The SCR-284 was introduced in Africa during Operation Torch and was the first radio set used for communications from the beach to the U.S. Fleet to coordinate naval gunfire and beach radio networks.

The set was used by Merrill's Marauders while operating in the China-Burma-India Theater and missions behind Japanese lines in Burma to communicate with air transport and other military aircraft, although some radiomen complained that it was "very inefficient" compared to other radio sets and "very hard to generate power".

The SCR-284 saw use in the Guadalcanal Campaign for portable operation with a hand crank generator. Transport over rough roads by Jeep tended to damage it, so it was disassembled and carried by several men.

The SCR-284 was also used in the New Georgia Campaign, but was so heavy and prone to humidity damage it was sometimes left behind.

More than 50,000 SCR-284s were produced and delivered in support of Operation Overlord, the D-Day invasion of Normandy. The complete SCR-284 transmitter, receiver, power unit and accessories weighed more than 100 pounds, but could be divided into sections for transport. The 45 pound BC-654 transmitter was notably difficult for radiomen to carry during combat, and has been described as "roughly the weight, size and shape of a modern window air conditioner".

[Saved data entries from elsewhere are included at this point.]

lemma convex_thresholds_constant_tail:
  fixes \<sigma> :: "real \<Rightarrow> real"
  assumes conv: "\<And>r. convex_on {0..1} (\<lambda>t. if r < \<sigma> t then t - r else 0)"
    and nonneg: "\<And>t. t \<in> {0..1} \<Longrightarrow> 0 \<le> \<sigma> t" and "\<sigma> 1 < 1"
  shows "\<exists>s. 0 \<le> s \<and> s \<le> \<sigma> 1 \<and> (\<forall>t\<in>{s<..<1}. \<sigma> t = s)"
proof -
  define q where "q = (\<sigma> 1 + 1) / 2"
  have q: "\<sigma> 1 < q" "q < 1" "0 \<le> \<sigma> 1" "0 \<le> \<sigma> q"
    using assms(3) nonneg[of 1] nonneg[of q] by (auto simp: q_def)
  have q_le: "\<sigma> q \<le> \<sigma> 1"
    by (rule convex_threshold_below[where b=1, OF conv]) (use q in linarith)+
  have tail: "\<sigma> t = \<sigma> q" if t: "\<sigma> q < t" "t < 1" for t
  proof (rule antisym)
    show "\<sigma> t \<le> \<sigma> q"
      by (rule convex_threshold_below[where b=q, OF conv]) (use q q_le t in linarith)+
    have "0 \<le> \<sigma> t"
      using q t by (intro nonneg) simp
    then have "\<sigma> t < \<sigma> q \<Longrightarrow> \<sigma> q \<le> \<sigma> t"
      by (rule convex_threshold_below[where b=t, OF conv]) (use q q_le t in linarith)+
    then show "\<sigma> q \<le> \<sigma> t"
      by linarith
  qed
  have "\<forall>t\<in>{\<sigma> q<..<1}. \<sigma> t = \<sigma> q"
  proof
    fix t assume "t \<in> {\<sigma> q<..<1}"
    then show "\<sigma> t = \<sigma> q"
      by (intro tail) auto
  qed
  then show ?thesis
    using q q_le by blast
qed

lemma constant_tail_on_ray:
  fixes mu x :: "'a::real_vector"
  assumes "x \<noteq> mu"
    and \<sigma>: "\<And>t. t \<in> {0..1} \<Longrightarrow> \<phi> (mu + t *\<^sub>R (x - mu)) = mu + \<sigma> t *\<^sub>R (x - mu)"
    and s: "0 \<le> s" "s \<le> \<sigma> 1" "s < 1" "\<forall>t\<in>{s<..<1}. \<sigma> t = s"
  shows "\<exists>xs\<in>closed_segment mu (\<phi> x). \<forall>x'\<in>open_segment xs x. \<phi> x' = xs"
proof (intro bexI ballI)
  define L where "L t = mu + t *\<^sub>R (x - mu)" for t
  have \<phi>x: "\<phi> x = L (\<sigma> 1)"
    using \<sigma>[of 1] by (simp add: L_def)
  show "L s \<in> closed_segment mu (\<phi> x)"
    using closed_segment_on_line[of mu 0 "x - mu" "\<sigma> 1"] s by (auto simp: \<phi>x L_def closed_segment_eq_real_ivl)
  fix x' assume "x' \<in> open_segment (L s) x"
  then obtain t where t: "t \<in> {s<..<1}" "x' = L t"
    using open_segment_on_line[of "x - mu" mu s 1] assms(1) s by (auto simp: L_def open_segment_eq_real_ivl)
  then have "\<phi> (L t) = L (\<sigma> t)"
    using \<sigma>[of t] s by (simp add: L_def)
  then show "\<phi> x' = L s"
    using t s(4) by simp
qed

theorem corollary4:
  fixes mu :: "real^'n" and \<phi> :: "real^'n \<Rightarrow> real^'n" and x1 :: "real^'n"
  assumes "CARD('n) \<ge> 2"
    and "mu \<in> rel_interior belief_simplex"
    and "\<forall>x\<in>belief_simplex. \<phi> x \<in> belief_simplex"
    and "respects_blackwell mu \<phi>"
    and "x1 \<in> belief_simplex"
    and "contractive_error mu \<phi> x1"
    and "\<forall>x\<in>belief_simplex. \<not> expansive_error mu \<phi> x"
  shows "\<exists>x1s\<in>closed_segment mu (\<phi> x1). \<forall>x'\<in>open_segment x1s x1. \<phi> x' = x1s"
proof -
  define L where "L t = mu + t *\<^sub>R (x1 - mu)" for t
  have muS: "mu \<in> belief_simplex"
    using assms(2) rel_interior_subset by blast
  have contr: "\<phi> x1 \<noteq> x1" "x1 \<noteq> mu"
    using assms(6) by (auto simp: contractive_error_def)
  obtain \<sigma> where \<sigma>: "\<And>t. t \<in> {0..1} \<Longrightarrow> \<sigma> t \<in> {0..t} \<and> \<phi> (L t) = L (\<sigma> t)"
    using no_expansive_error_on_segment[OF assms(7) muS assms(5)] unfolding L_def by blast
  have \<phi>x1: "\<phi> x1 = L (\<sigma> 1)"
    using \<sigma>[of 1] by (simp add: L_def)
  then have "\<sigma> 1 \<noteq> 1"
    using contr(1) by (auto simp: L_def)
  then have \<sigma>1: "\<sigma> 1 < 1"
    using \<sigma>[of 1] by simp
  moreover have "convex_on {0..1} (\<lambda>t. if r < \<sigma> t then t - r else 0)" for r
    using \<sigma> unfolding L_def by (rule threshold_value_convex[OF assms(4,2,5) contr(2)])
  moreover have "0 \<le> \<sigma> t" if "t \<in> {0..1}" for t
    using \<sigma>[OF that] by simp
  ultimately obtain s where s: "0 \<le> s" "s \<le> \<sigma> 1" "\<forall>t\<in>{s<..<1}. \<sigma> t = s"
    using convex_thresholds_constant_tail by blast
  then show ?thesis
    using constant_tail_on_ray[of x1 mu \<phi> \<sigma> s] contr(2) \<sigma> \<sigma>1 unfolding L_def by force
qed

end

63972 units were eventually produced in total. After the war, many BC-654s were sold as surplus for $15 each. Today, many are restored and operated by vintage amateur radio enthusiasts.

== Configurations ==
- Field Radio Set – World War II era. Battery powered receiver, hand crank generator powered transmitter.
- Vehicular Radio Set – World War II era. 6/12 V dynamotor power, vibrator supply.
- Command Radio Set – Korean War era. two-cycle 3600 RPM, 1 horsepower gas generator power.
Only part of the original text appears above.